* _Aim of the task_
Only the lines from the one containing "falg) \<Rightarrow> ('n" to the end of the data are wanted; print them exactly as they appear.

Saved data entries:
_ _ _
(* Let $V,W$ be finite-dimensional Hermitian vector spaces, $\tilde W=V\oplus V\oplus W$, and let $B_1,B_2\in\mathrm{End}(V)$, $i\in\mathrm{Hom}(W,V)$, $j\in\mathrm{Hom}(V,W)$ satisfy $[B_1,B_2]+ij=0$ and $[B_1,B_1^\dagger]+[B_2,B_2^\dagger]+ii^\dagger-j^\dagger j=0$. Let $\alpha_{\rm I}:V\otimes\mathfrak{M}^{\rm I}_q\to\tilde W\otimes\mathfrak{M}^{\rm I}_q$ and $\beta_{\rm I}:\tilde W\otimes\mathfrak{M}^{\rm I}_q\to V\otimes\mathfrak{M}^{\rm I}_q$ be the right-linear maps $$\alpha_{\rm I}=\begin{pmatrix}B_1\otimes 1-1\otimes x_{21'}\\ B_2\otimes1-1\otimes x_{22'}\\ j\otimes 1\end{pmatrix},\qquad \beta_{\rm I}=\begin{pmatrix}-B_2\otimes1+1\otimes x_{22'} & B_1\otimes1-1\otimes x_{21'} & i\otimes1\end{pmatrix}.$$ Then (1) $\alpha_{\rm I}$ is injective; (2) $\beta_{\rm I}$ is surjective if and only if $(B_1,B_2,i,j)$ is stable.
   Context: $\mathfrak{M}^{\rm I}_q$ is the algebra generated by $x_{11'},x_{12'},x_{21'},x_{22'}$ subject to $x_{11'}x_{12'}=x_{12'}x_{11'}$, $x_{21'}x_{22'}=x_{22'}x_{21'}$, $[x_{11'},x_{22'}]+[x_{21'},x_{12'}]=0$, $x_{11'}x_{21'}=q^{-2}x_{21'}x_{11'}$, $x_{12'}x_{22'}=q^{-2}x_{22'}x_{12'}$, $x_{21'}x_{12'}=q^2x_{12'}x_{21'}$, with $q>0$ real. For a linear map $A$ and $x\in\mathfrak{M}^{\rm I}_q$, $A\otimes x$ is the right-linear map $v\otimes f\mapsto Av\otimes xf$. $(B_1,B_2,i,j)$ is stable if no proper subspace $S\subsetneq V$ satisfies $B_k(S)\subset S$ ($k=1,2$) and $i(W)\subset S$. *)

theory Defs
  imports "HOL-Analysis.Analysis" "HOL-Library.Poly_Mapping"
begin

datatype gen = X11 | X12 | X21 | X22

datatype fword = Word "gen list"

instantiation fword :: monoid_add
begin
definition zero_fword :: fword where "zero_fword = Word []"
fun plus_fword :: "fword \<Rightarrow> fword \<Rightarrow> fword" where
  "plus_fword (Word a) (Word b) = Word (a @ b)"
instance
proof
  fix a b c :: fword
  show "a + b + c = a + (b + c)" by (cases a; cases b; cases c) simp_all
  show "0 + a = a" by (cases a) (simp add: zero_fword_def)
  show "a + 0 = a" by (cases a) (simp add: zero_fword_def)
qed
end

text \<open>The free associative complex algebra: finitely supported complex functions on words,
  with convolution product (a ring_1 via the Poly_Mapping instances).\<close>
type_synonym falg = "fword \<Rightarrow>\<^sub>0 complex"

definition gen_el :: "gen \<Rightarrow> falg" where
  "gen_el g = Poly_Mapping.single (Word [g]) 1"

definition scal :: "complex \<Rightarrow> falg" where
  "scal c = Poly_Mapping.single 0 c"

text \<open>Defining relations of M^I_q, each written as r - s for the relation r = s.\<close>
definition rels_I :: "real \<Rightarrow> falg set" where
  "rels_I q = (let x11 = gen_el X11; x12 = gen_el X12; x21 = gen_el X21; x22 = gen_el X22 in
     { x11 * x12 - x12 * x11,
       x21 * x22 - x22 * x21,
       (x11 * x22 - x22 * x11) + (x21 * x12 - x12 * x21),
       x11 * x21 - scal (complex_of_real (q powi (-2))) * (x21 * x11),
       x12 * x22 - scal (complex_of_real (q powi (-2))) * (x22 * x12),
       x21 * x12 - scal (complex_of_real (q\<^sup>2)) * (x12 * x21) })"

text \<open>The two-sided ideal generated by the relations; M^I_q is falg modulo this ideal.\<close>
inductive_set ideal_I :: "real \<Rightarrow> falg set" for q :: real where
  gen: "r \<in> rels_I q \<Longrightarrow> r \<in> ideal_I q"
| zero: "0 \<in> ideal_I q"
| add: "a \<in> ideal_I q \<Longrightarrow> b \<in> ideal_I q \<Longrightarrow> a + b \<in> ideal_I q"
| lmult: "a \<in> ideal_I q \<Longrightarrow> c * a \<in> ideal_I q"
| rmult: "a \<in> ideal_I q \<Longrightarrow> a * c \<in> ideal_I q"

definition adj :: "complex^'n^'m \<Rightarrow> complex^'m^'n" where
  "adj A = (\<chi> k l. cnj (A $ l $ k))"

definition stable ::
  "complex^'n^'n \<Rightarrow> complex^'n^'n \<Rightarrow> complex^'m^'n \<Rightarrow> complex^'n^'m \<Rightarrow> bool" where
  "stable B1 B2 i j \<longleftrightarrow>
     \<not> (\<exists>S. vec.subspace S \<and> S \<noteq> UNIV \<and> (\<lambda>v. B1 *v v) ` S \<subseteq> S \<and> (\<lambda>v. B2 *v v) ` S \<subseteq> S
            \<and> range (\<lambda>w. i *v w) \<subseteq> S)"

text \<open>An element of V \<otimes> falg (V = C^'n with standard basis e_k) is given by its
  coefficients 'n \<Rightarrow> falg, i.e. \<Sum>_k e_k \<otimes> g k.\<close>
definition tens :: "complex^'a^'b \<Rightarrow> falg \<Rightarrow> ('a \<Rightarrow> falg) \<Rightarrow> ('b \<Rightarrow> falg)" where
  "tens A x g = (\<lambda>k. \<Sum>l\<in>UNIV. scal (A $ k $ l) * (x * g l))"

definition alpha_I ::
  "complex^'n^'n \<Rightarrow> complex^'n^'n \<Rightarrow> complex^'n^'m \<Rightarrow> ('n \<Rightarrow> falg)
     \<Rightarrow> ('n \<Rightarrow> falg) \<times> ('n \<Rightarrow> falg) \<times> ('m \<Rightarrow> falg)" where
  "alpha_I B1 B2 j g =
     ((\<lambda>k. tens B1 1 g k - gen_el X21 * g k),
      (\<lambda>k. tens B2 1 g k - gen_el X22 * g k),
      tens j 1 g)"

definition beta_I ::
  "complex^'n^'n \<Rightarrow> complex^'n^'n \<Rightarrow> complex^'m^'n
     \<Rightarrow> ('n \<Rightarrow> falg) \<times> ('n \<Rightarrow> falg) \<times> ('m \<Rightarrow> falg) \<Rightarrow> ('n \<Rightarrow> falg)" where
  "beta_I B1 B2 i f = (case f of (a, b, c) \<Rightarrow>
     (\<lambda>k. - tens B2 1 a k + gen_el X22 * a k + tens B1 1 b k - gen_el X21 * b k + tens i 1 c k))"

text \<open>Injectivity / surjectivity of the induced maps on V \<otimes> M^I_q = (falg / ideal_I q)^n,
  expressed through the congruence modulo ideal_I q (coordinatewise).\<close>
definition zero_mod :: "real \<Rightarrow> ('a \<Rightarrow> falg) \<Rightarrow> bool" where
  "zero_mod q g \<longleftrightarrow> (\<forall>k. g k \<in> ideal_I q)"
_ _ _
* _Response for this exercise_
     \<Rightarrow> ('n \<Rightarrow> falg) \<times> ('n \<Rightarrow> falg) \<times> ('m \<Rightarrow> falg) \<Rightarrow> ('n \<Rightarrow> falg)" where
  "beta_I B1 B2 i f = (case f of (a, b, c) \<Rightarrow>
     (\<lambda>k. - tens B2 1 a k + gen_el X22 * a k + tens B1 1 b k - gen_el X21 * b k + tens i 1 c k))"

text \<open>Injectivity / surjectivity of the induced maps on V \<otimes> M^I_q = (falg / ideal_I q)^n,
  expressed through the congruence modulo ideal_I q (coordinatewise).\<close>
definition zero_mod :: "real \<Rightarrow> ('a \<Rightarrow> falg) \<Rightarrow> bool" where
  "zero_mod q g \<longleftrightarrow> (\<forall>k. g k \<in> ideal_I q)"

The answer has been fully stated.